Dr. Albrecht Petzold found and experimenting with this particular issue on his instrument: it looks like the Dectris Mythen detector signal can be cleaned up considerably by applying a flatfield correction.

While flatfield corrections have been discussed before with regard to wire detectors, we usually don’t worry much about it for the Mythen detector on the slit-collimated Kratky instruments. We should have, though, since even for the Pilatus detectors a flatfield was found to be beneficial (I’m not sure I ever wrote that up).

Dectris supplies flatfields for their detectors for a variety of energies, but the flatfield changes over time (several months) and changes with adjustment of the detector parameters (in particular with the proximity of the energy threshold to the measured energy). There are also other effects such as incidence angle inefficiencies that cannot be predicted by Dectris, and therefore a flatfield is ideally collected in the final instrument configuration.

On his instrument, a nearly identical SAXSess II like ours, Albrecht tried using the fluorescence signal from our iron foil to measure the flatfield. If this works, it would be useful since the signal strength of the iron foil is quite good, necessitating mere hours for a flatfield measurement. However, iron fluorescence is of a slightly different energy than the Cu k$latex_\alpha$ energy we use for the measurements. Therefore, as a control measurement, the flat scattering of water was measured over a week-end to provide a second flatfield.

Flatfield correction for a particular Dectris Mythen detector calculated from the fluorescence of iron foil (red), and the scattering of water (black). Figure author: A. Petzold.
Figure 1: Flatfield correction for a particular Dectris Mythen detector calculated from the fluorescence of iron foil (red), and the scattering of water (black). Figure author: A. Petzold.

The corrections calculated from the measured signals (Figure 1) tell us that the deviations are significant (about +/- 5%), and that the two different methods do not provide the same flatfield. This means that if we correct for the flatfield, we should be able to reduce the uncertainties in our final measurement considerably. It also means that we can (unfortunately) not rely on the fluorescence of iron to deliver us our flatfield. The discrepancies between the two are somewhat surprising to me, and I don’t have a good explanation for them yet.
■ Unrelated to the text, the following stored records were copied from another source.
text \<open>A pseudo left Hilbert algebra: the algebra is the complex subspace A of the Hilbert
  space 'h; its Hilbert space completion is closure A (a closed subspace of 'h).
  The product mul and the involution S only matter on A.\<close>
definition pseudo_left_hilbert_algebra ::
  "(complex \<Rightarrow> 'h::banach \<Rightarrow> 'h) \<Rightarrow> ('h \<Rightarrow> 'h \<Rightarrow> complex) \<Rightarrow> ('h \<Rightarrow> 'h \<Rightarrow> 'h) \<Rightarrow> ('h \<Rightarrow> 'h) \<Rightarrow> 'h set \<Rightarrow> bool" where
  "pseudo_left_hilbert_algebra sc ip mul S A \<longleftrightarrow>
     complex_hilbert sc ip \<and>
     module.subspace sc A \<and>
     \<comment> \<open>complex associative algebra structure on A\<close>
     (\<forall>x\<in>A. \<forall>y\<in>A. mul x y \<in> A) \<and>
     (\<forall>x\<in>A. \<forall>y\<in>A. \<forall>z\<in>A. mul (mul x y) z = mul x (mul y z)) \<and>
     (\<forall>x\<in>A. \<forall>y\<in>A. \<forall>z\<in>A. mul (x + y) z = mul x z + mul y z \<and> mul x (y + z) = mul x y + mul x z) \<and>
     (\<forall>c. \<forall>x\<in>A. \<forall>y\<in>A. mul (sc c x) y = sc c (mul x y) \<and> mul x (sc c y) = sc c (mul x y)) \<and>
     \<comment> \<open>antilinear involutive anti-multiplicative S on A\<close>
     (\<forall>x\<in>A. S x \<in> A \<and> S (S x) = x) \<and>
     (\<forall>x\<in>A. \<forall>y\<in>A. S (x + y) = S x + S y) \<and>
     (\<forall>c. \<forall>x\<in>A. S (sc c x) = sc (cnj c) (S x)) \<and>
     (\<forall>x\<in>A. \<forall>y\<in>A. S (mul x y) = mul (S y) (S x)) \<and>
     \<comment> \<open>(1) left multiplications are bounded\<close>
     (\<forall>x\<in>A. \<exists>K. \<forall>y\<in>A. norm (mul x y) \<le> K * norm y) \<and>
     \<comment> \<open>(2)\<close>
     (\<forall>x\<in>A. \<forall>y\<in>A. \<forall>z\<in>A. ip (mul x y) z = ip y (mul (S x) z)) \<and>
     \<comment> \<open>(3) S closable\<close>
     closable_on A S"

definition alg_square :: "(complex \<Rightarrow> 'h::banach \<Rightarrow> 'h) \<Rightarrow> ('h \<Rightarrow> 'h \<Rightarrow> 'h) \<Rightarrow> 'h set \<Rightarrow> 'h set" where
  "alg_square sc mul A = module.span sc {mul x y | x y. x \<in> A \<and> y \<in> A}"

definition left_hilbert_algebra ::
  "(complex \<Rightarrow> 'h::banach \<Rightarrow> 'h) \<Rightarrow> ('h \<Rightarrow> 'h \<Rightarrow> complex) \<Rightarrow> ('h \<Rightarrow> 'h \<Rightarrow> 'h) \<Rightarrow> ('h \<Rightarrow> 'h) \<Rightarrow> 'h set \<Rightarrow> bool" where
  "left_hilbert_algebra sc ip mul S A \<longleftrightarrow>
     pseudo_left_hilbert_algebra sc ip mul S A \<and> closure A \<subseteq> closure (alg_square sc mul A)"

text \<open>The bounded extension pi_l(x) of left multiplication by x to the completion closure A,
  evaluated at eta: the common limit of x s_n for sequences s_n in A converging to eta.\<close>
definition left_mult_ext :: "('h::real_normed_vector \<Rightarrow> 'h \<Rightarrow> 'h) \<Rightarrow> 'h set \<Rightarrow> 'h \<Rightarrow> 'h \<Rightarrow> 'h" where
  "left_mult_ext mul A x eta =
     (THE z. \<forall>s. (\<forall>n. s n \<in> A) \<and> s \<longlonglongrightarrow> eta \<longrightarrow> (\<lambda>n. mul x (s n)) \<longlonglongrightarrow> z)"

end

theory Submission
  imports Defs
begin

text \<open>For \<xi> in A and \<eta> orthogonal to A^2, the vector S(\<xi>) \<xi> s lies in A^2, so
  ||\<xi> s||^2 = <s, S(\<xi>) \<xi> s> = <s - \<eta>, S(\<xi>) \<xi> s> is at most a constant times ||s - \<eta>|| ||s||;
  letting s tend to \<eta> gives \<pi>_l(\<xi>) \<eta> = 0. If moreover \<eta> is in A, then
  ||\<eta> \<xi>||^2 = <\<xi>, (S(\<eta>) \<eta>) \<xi>> = 0.

  For the density of (A^2)^2 in A^2, project d in A onto the closure of A^2: the remainder is
  orthogonal to A^2, hence annihilated by left multiplication, so \<xi> d is a limit of products
  \<xi> e with e in A^2. Applied to \<xi> (c d) = (\<xi> c) d with \<xi> c in A^2, this puts \<xi> e into the
  closure of (A^2)^2 for all e in A^2; applied once more, it puts every generator \<xi> d of A^2
  there as well.\<close>

lemma closable_on_subset: "closable_on A S \<Longrightarrow> B \<subseteq> A \<Longrightarrow> closable_on B S"
  unfolding closable_on_def by (meson closure_mono image_mono subsetD)

lemma left_mult_ext_eqI:
  fixes mul :: "'h::real_normed_vector \<Rightarrow> 'h \<Rightarrow> 'h"
  assumes "\<eta> \<in> closure A"
    and lim: "\<And>s. \<forall>n. s n \<in> A \<Longrightarrow> s \<longlonglongrightarrow> \<eta> \<Longrightarrow> (\<lambda>n. mul x (s n)) \<longlonglongrightarrow> z"
  shows "left_mult_ext mul A x \<eta> = z"
  unfolding left_mult_ext_def
proof (rule the_equality)
  show "\<forall>s. (\<forall>n. s n \<in> A) \<and> s \<longlonglongrightarrow> \<eta> \<longrightarrow> (\<lambda>n. mul x (s n)) \<longlonglongrightarrow> z"
    using lim by blast
next
  fix z' assume lim': "\<forall>s. (\<forall>n. s n \<in> A) \<and> s \<longlonglongrightarrow> \<eta> \<longrightarrow> (\<lambda>n. mul x (s n)) \<longlonglongrightarrow> z'"
  obtain s where "\<forall>n. s n \<in> A" "s \<longlonglongrightarrow> \<eta>"
    using \<open>\<eta> \<in> closure A\<close> closure_sequential by blast
  then show "z' = z"
    using lim lim' LIMSEQ_unique by blast
qed

locale complex_hilbert_space =
  fixes sc :: "complex \<Rightarrow> 'h::banach \<Rightarrow> 'h" and ip :: "'h \<Rightarrow> 'h \<Rightarrow> complex"
  assumes complex_hilbert: "complex_hilbert sc ip"
begin

sublocale V: vector_space sc
  using complex_hilbert unfolding complex_hilbert_def by blast

lemma sc_of_real: "sc (complex_of_real r) x = r *\<^sub>R x"
  and ip_add_right: "ip x (y + z) = ip x y + ip x z"
  and ip_sc_right: "ip x (sc c y) = c * ip x y"
  and ip_commute: "ip y x = cnj (ip x y)"
  and ip_self: "ip x x = complex_of_real ((norm x)\<^sup>2)"
  using complex_hilbert unfolding complex_hilbert_def by blast+

lemma ip_add_left: "ip (x + y) z = ip x z + ip y z"
  by (metis ip_commute ip_add_right complex_cnj_add)

lemma ip_sc_left: "ip (sc c x) y = cnj c * ip x y"
  by (metis ip_commute ip_sc_right complex_cnj_mult)

lemma ip_scaleR_left: "ip (r *\<^sub>R x) y = r * ip x y"
  using ip_sc_left[of "complex_of_real r"] by (simp add: sc_of_real)

lemma ip_scaleR_right: "ip x (r *\<^sub>R y) = r * ip x y"
  using ip_sc_right[of x "complex_of_real r"] by (simp add: sc_of_real)

lemma ip_minus_left: "ip (- x) y = - ip x y"
  using ip_scaleR_left[of "-1"] by simp

lemma ip_minus_right: "ip x (- y) = - ip x y"
  using ip_scaleR_right[of x "-1"] by simp

lemma ip_diff_left: "ip (x - y) z = ip x z - ip y z"
  using ip_add_left[of x "- y"] by (simp add: ip_minus_left)

lemma ip_zero_left [simp]: "ip 0 x = 0"
  using ip_scaleR_left[of 0] by simp

lemma ip_zero_right [simp]: "ip x 0 = 0"
  using ip_scaleR_right[of x 0] by simp

lemma norm_sc: "norm (sc c x) = cmod c * norm x"
proof -
  have "complex_of_real ((norm (sc c x))\<^sup>2) = ip (sc c x) (sc c x)"
    by (simp only: ip_self)
  also have "\<dots> = cnj c * c * ip x x"
    by (simp add: ip_sc_left ip_sc_right)
  also have "\<dots> = complex_of_real ((cmod c * norm x)\<^sup>2)"
    using complex_norm_square[of c] by (simp add: ip_self power_mult_distrib mult.commute)
  finally have "(norm (sc c x))\<^sup>2 = (cmod c * norm x)\<^sup>2"
    by (simp only: of_real_eq_iff)
  then show ?thesis
    by simp
qed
I am not convinced they can be completely explained by the energy threshold effects, but maybe I’m wrong.

So next up, as soon as I’m back from holiday, I’ll get to measuring a flatfield on our own instrument. On that one, we can turn the detector 180 degrees as well, so we can verify the data to some degree (apparently this possibility has been removed by Anton Paar in their later version). Interesting times!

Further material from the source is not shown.